The gameplay takes the form of a role-playing puzzle game covering the genres of: puzzle and RPG (similar to the core gameplay of other mobile RPG/match-3 games such as Puzzle & Dragons and Empire and Puzzles). As you play through the game, you collect characters which you level up and then use to build your team of 1 Doctor and up to 5 Companions by playing levels in a match-3-gems, detachable gem format. You are required to match different colour of gems to deal damage to enemies. Each character has a special ability which refreshes after a set number of turns (these abilities level up with the character), some examples of these are: colour changing, reset the board, deal damage, heal character and stun enemies. Whilst most colours deal damage, the pink gems are used to heal your team. By leveling up you earn points which can be assigned to different stats in order to improve them. Throughout the game you experience some of the Doctor's most famous tales, tied into an original story.

==Reception==
Doctor Who: Legacy received positive reviews from critics. Scott Nichols for Digital Spy rated the game 4/5 stars saying that "fans are treated to engaging and fun puzzle battles featuring most of the characters from the series' more recent history". Android Centrals Paul Acevedo stated that "The Doctor Who fan in me is consistently amazed by the game’s arsenal of characters and levels inspired by the show. No other game has managed to capture so much of the Doctor Who universe in a single package, with callbacks to both the classic and modern eras. Tiny Rebel knows and appreciates Who. That genuine reverence makes Legacy a must-play for fans of the show."

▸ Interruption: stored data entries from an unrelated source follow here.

lemma (in normal) rcos_eq_iff:
  assumes "group G" "u \<in> carrier G" "v \<in> carrier G"
  shows "H #> u = H #> v \<longleftrightarrow> u \<otimes> inv v \<in> H"
  using assms rcos_module[of v u] group.rcos_self[OF assms(1) assms(2) subgroup_axioms]
    group.repr_independence[OF assms(1) _ assms(3) subgroup_axioms, of u]
  by auto

(* (i, j, k) stands for x^i y^j [x,y]^-k with x = (1, 0, 0) and y = (0, 1, 0). *)
definition heisenberg :: "(int \<times> int \<times> int) monoid" where
  "heisenberg = \<lparr>carrier = UNIV,
     monoid.mult = (\<lambda>(i, j, k) (i', j', k'). (i + i', j + j', k + k' + j * i')), one = (0, 0, 0)\<rparr>"

lemma heisenberg_simps [simp]:
  "carrier heisenberg = UNIV"
  "\<one>\<^bsub>heisenberg\<^esub> = (0, 0, 0)"
  "(i, j, k) \<otimes>\<^bsub>heisenberg\<^esub> (i', j', k') = (i + i', j + j', k + k' + j * i')"
  by (simp_all add: heisenberg_def)

lemma group_heisenberg: "group heisenberg"
proof (rule groupI)
  fix x y z :: "int \<times> int \<times> int"
  show "x \<otimes>\<^bsub>heisenberg\<^esub> y \<otimes>\<^bsub>heisenberg\<^esub> z = x \<otimes>\<^bsub>heisenberg\<^esub> (y \<otimes>\<^bsub>heisenberg\<^esub> z)"
    by (cases x; cases y; cases z) (simp add: algebra_simps)
  obtain i j k where "x = (i, j, k)"
    by (cases x)
  then show "\<exists>y\<in>carrier heisenberg. y \<otimes>\<^bsub>heisenberg\<^esub> x = \<one>\<^bsub>heisenberg\<^esub>"
    by (intro bexI[of _ "(- i, - j, i * j - k)"]) (auto simp: algebra_simps)
qed auto

lemma heisenberg_inv [simp]: "inv\<^bsub>heisenberg\<^esub> (i, j, k) = (- i, - j, i * j - k)"
  by (rule group.inv_equality[OF group_heisenberg]) (auto simp: algebra_simps)

(* For even n this is the normal closure of x^n [x,y]^(-n/2), y^n [x,y]^(-n/2) and [x,y]^n. *)
definition heisenberg_relators :: "int \<Rightarrow> (int \<times> int \<times> int) set" where
  "heisenberg_relators n = {(i, j, k). n dvd i \<and> n dvd j \<and> 2 * n dvd 2 * k - i - j}"

lemma double_dvd_double_mult: "(n::int) dvd a \<Longrightarrow> 2 * n dvd 2 * (a * b)"
  by (simp add: mult_dvd_mono)

lemma normal_heisenberg_relators: "heisenberg_relators n \<lhd> heisenberg"
proof -
  interpret group heisenberg
    by (rule group_heisenberg)
  have sub: "subgroup (heisenberg_relators n) heisenberg"
  proof (rule subgroupI)
    have "(0, 0, 0) \<in> heisenberg_relators n"
      by (simp add: heisenberg_relators_def)
    then show "heisenberg_relators n \<noteq> {}"
      by blast
  next
    fix u assume "u \<in> heisenberg_relators n"
    then obtain i j k where "u = (i, j, k)"
      and "n dvd i" "n dvd j" "2 * n dvd 2 * k - i - j"
      by (auto simp: heisenberg_relators_def)
    moreover have "2 * (i * j - k) - - i - - j = 2 * (i * j) - (2 * k - i - j)"
      by (simp add: algebra_simps)
    ultimately show "inv\<^bsub>heisenberg\<^esub> u \<in> heisenberg_relators n"
      unfolding heisenberg_relators_def
      by (simp only: heisenberg_inv mem_Collect_eq split) (simp add: double_dvd_double_mult dvd_diff)
  next
    fix u v assume "u \<in> heisenberg_relators n" "v \<in> heisenberg_relators n"
    then obtain i j k i' j' k' where "u = (i, j, k)" "v = (i', j', k')"
      and "n dvd i" "n dvd j" "2 * n dvd 2 * k - i - j"
      and "n dvd i'" "n dvd j'" "2 * n dvd 2 * k' - i' - j'"
      by (auto simp: heisenberg_relators_def)
    moreover have "2 * (k + k' + j * i') - (i + i') - (j + j')
        = (2 * k - i - j) + (2 * k' - i' - j') + 2 * (j * i')"
      by (simp add: algebra_simps)
    ultimately show "u \<otimes>\<^bsub>heisenberg\<^esub> v \<in> heisenberg_relators n"
      unfolding heisenberg_relators_def
      by (simp only: heisenberg_simps mem_Collect_eq split) (simp add: double_dvd_double_mult dvd_add)
  qed (simp add: heisenberg_relators_def)
  show ?thesis
    unfolding normal_inv_iff
  proof (intro conjI sub ballI)
    fix u v assume "u \<in> carrier heisenberg" "v \<in> heisenberg_relators n"
    obtain p q r where u: "u = (p, q, r)"
      by (cases u)
    obtain i j k where "v = (i, j, k)"
      and "n dvd i" "n dvd j" "2 * n dvd 2 * k - i - j"
      using \<open>v \<in> heisenberg_relators n\<close> by (auto simp: heisenberg_relators_def)
    moreover have "2 * (r + k + q * i + (p * q - r) + (q + j) * - p) - (p + i + - p) - (q + j + - q)
        = (2 * k - i - j) + 2 * (i * q) - 2 * (j * p)"
      by (simp add: algebra_simps)
    ultimately show "u \<otimes>\<^bsub>heisenberg\<^esub> v \<otimes>\<^bsub>heisenberg\<^esub> inv\<^bsub>heisenberg\<^esub> u \<in> heisenberg_relators n"
      unfolding u heisenberg_relators_def
      by (simp only: heisenberg_simps heisenberg_inv mem_Collect_eq split)
        (simp add: double_dvd_double_mult dvd_add dvd_diff)
  qed
qed

lemma heisenberg_commutator [simp]:
  "commutator heisenberg (i, j, k) (i', j', k') = (0, 0, j * i' - i * j')"
  by (simp add: commutator_def algebra_simps)

lemma heisenberg_pow [simp]:
  "(1, 0, 0) [^]\<^bsub>heisenberg\<^esub> (m::nat) = (int m, 0, 0)"
  "(0, 1, 0) [^]\<^bsub>heisenberg\<^esub> m = (0, int m, 0)"
  "(0, 0, k) [^]\<^bsub>heisenberg\<^esub> m = (0, 0, int m * k)"
proof -
  interpret group heisenberg
    by (rule group_heisenberg)
  show "(1, 0, 0) [^]\<^bsub>heisenberg\<^esub> m = (int m, 0, 0)"
    by (induction m) simp_all
  show "(0, 1, 0) [^]\<^bsub>heisenberg\<^esub> m = (0, int m, 0)"
    by (induction m) simp_all
  show "(0, 0, k) [^]\<^bsub>heisenberg\<^esub> m = (0, 0, int m * k)"
    by (induction m) (simp_all add: algebra_simps)
qed

lemma heisenberg_quotient_model:
  assumes "\<gamma> \<ge> 1"
  defines "N \<equiv> heisenberg_relators (2 ^ \<gamma>)"
  defines "Q \<equiv> heisenberg Mod N"
    and "x \<equiv> N #>\<^bsub>heisenberg\<^esub> (1, 0, 0)" and "y \<equiv> N #>\<^bsub>heisenberg\<^esub> (0, 1, 0)"
  shows "group Q" "countable (carrier Q)" "x \<in> carrier Q" "y \<in> carrier Q"
    and "rels \<gamma> Q x y" "x [^]\<^bsub>Q\<^esub> ((2::nat) ^ \<gamma>) \<noteq> \<one>\<^bsub>Q\<^esub>"
proof -
  interpret N: normal N heisenberg
    unfolding N_def by (rule normal_heisenberg_relators)
  define \<pi> where "\<pi> = r_coset heisenberg N"
  have carrier: "carrier Q = range \<pi>"
    by (simp add: Q_def \<pi>_def carrier_FactGroup)
  show Q: "group Q"
    unfolding Q_def by (rule N.factorgroup_is_group)
  show "countable (carrier Q)" "x \<in> carrier Q" "y \<in> carrier Q"
    by (simp_all add: carrier x_def y_def \<pi>_def)
  interpret \<pi>: group_hom heisenberg Q \<pi>
    using N.r_coset_hom_Mod Q group_heisenberg
    by (simp add: group_hom_def group_hom_axioms_def Q_def \<pi>_def)
  have one: "\<one>\<^bsub>Q\<^esub> = \<pi> (0, 0, 0)"
    using \<pi>.hom_one by simp
  have eq_iff: "\<pi> u = \<pi> v \<longleftrightarrow> u \<otimes>\<^bsub>heisenberg\<^esub> inv\<^bsub>heisenberg\<^esub> v \<in> N" for u v
    unfolding \<pi>_def by (rule N.rcos_eq_iff[OF group_heisenberg]) simp_all
  obtain g where \<gamma>: "\<gamma> = Suc g"
    using assms(1) by (cases \<gamma>) auto
  show "rels \<gamma> Q x y"
    unfolding rels_def x_def y_def \<pi>_def[symmetric] one
    by (simp add: \<pi>.hom_commutator[symmetric] \<pi>.hom_nat_pow[symmetric] eq_iff
        N_def heisenberg_relators_def \<gamma>)
  show "x [^]\<^bsub>Q\<^esub> ((2::nat) ^ \<gamma>) \<noteq> \<one>\<^bsub>Q\<^esub>"
    unfolding x_def \<pi>_def[symmetric] one
    by (simp add: \<pi>.hom_nat_pow[symmetric] eq_iff N_def heisenberg_relators_def \<gamma>)
qed

lemma presented_by_rels_pow_ne_one:
  assumes "\<gamma> \<ge> 1" and G: "presented_by_rels \<gamma> G a b"
  shows "a [^]\<^bsub>G\<^esub> ((2::nat) ^ \<gamma>) \<noteq> \<one>\<^bsub>G\<^esub>"
proof
  assume a: "a [^]\<^bsub>G\<^esub> ((2::nat) ^ \<gamma>) = \<one>\<^bsub>G\<^esub>"
  obtain Q :: "(int \<times> int \<times> int) set monoid" and x y
    where Q: "group Q" "countable (carrier Q)" "x \<in> carrier Q" "y \<in> carrier Q" "rels \<gamma> Q x y"
      and x: "x [^]\<^bsub>Q\<^esub> ((2::nat) ^ \<gamma>) \<noteq> \<one>\<^bsub>Q\<^esub>"
    using heisenberg_quotient_model[OF assms(1)] by blast
  obtain h where h: "h \<in> hom G Q" "h a = x"
    using presented_by_rels_hom_countable[OF G Q] by blast
  interpret h: group_hom G Q h
    using G Q(1) h(1) by (simp add: presented_by_rels_def group_hom_def group_hom_axioms_def)
  have "x [^]\<^bsub>Q\<^esub> ((2::nat) ^ \<gamma>) = h (a [^]\<^bsub>G\<^esub> ((2::nat) ^ \<gamma>))"
    using G h(2) by (simp add: presented_by_rels_def h.hom_nat_pow)
  with a x show False
    by simp
qed

theorem theorem4p1:
  fixes \<gamma> :: nat
    and G :: "('a, 'b) monoid_scheme" and a b :: 'a
    and K :: "('k, 'c) monoid_scheme"
  assumes "\<gamma> \<ge> 1"
    and "presented_by_rels \<gamma> G a b"
  shows "\<not> capable_via K G"
proof
  assume "capable_via K G"
  moreover have "group G" "generate G {a, b} = carrier G" "a \<in> carrier G" "b \<in> carrier G"
    and "a [^]\<^bsub>G\<^esub> ((2::nat) ^ \<gamma>) = b [^]\<^bsub>G\<^esub> ((2::nat) ^ \<gamma>)"
    using assms(2) by (simp_all add: presented_by_rels_def rels_def)
  ultimately have "a [^]\<^bsub>G\<^esub> ((2::nat) ^ \<gamma>) = \<one>\<^bsub>G\<^esub>"
    by (rule capable_via_two_generated_pow_eq_imp_one)
  with presented_by_rels_pow_ne_one[OF assms] show False
    by contradiction
qed

end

Chris Scullion, editor of CVG wrote "...For the past couple of months, an iOS game has become a daily part of my life. It's a free-to-play puzzle game that doesn't feel like the sort of game that Nintendo's Satoru Iwata recently referred to as a "free-to-start" title; one where players are forced to spend money to proceed." Mike Fahey at Kotaku wrote that "Like the popular Puzzle and Dragons, Doctor Who: Legacy is a game about collecting color-coded creatures and using them participate in match-puzzle battles. Unlike Puzzle and Dragons, Doctor Who: Legacy isn't all about paying for rare monsters. There are no ads in the game, just a simple, understated store, politely clearing its throat when you wander over and mentioning that, should you be interested, there are things for sale. It's one of the very best examples of free-to-play."

TouchArcade rated the game 3.5/5 stars, and wrote, "Really, we just needed to point out that this game is still kicking and going, and it's a pretty cool phenomenon. In a world where so many games are disposable and don't get updated when they break, there's the occasional Doctor Who Legacy which keeps adding content quietly on a regular basis."

== Sequel ==
On August 8, 2018, Tiny Rebel released Doctor Who Infinity, a follow-up to Doctor Who Legacy. The game uses comic book style images and voice actors from the show, combined with the gameplay of Legacy, with a few enhancements. The game also has bonus content, which can be purchased as add-ons and features new stories featuring characters from different seasons of the show. Unlike Legacy, Infinity received a PC port via Steam, on top of a mobile version.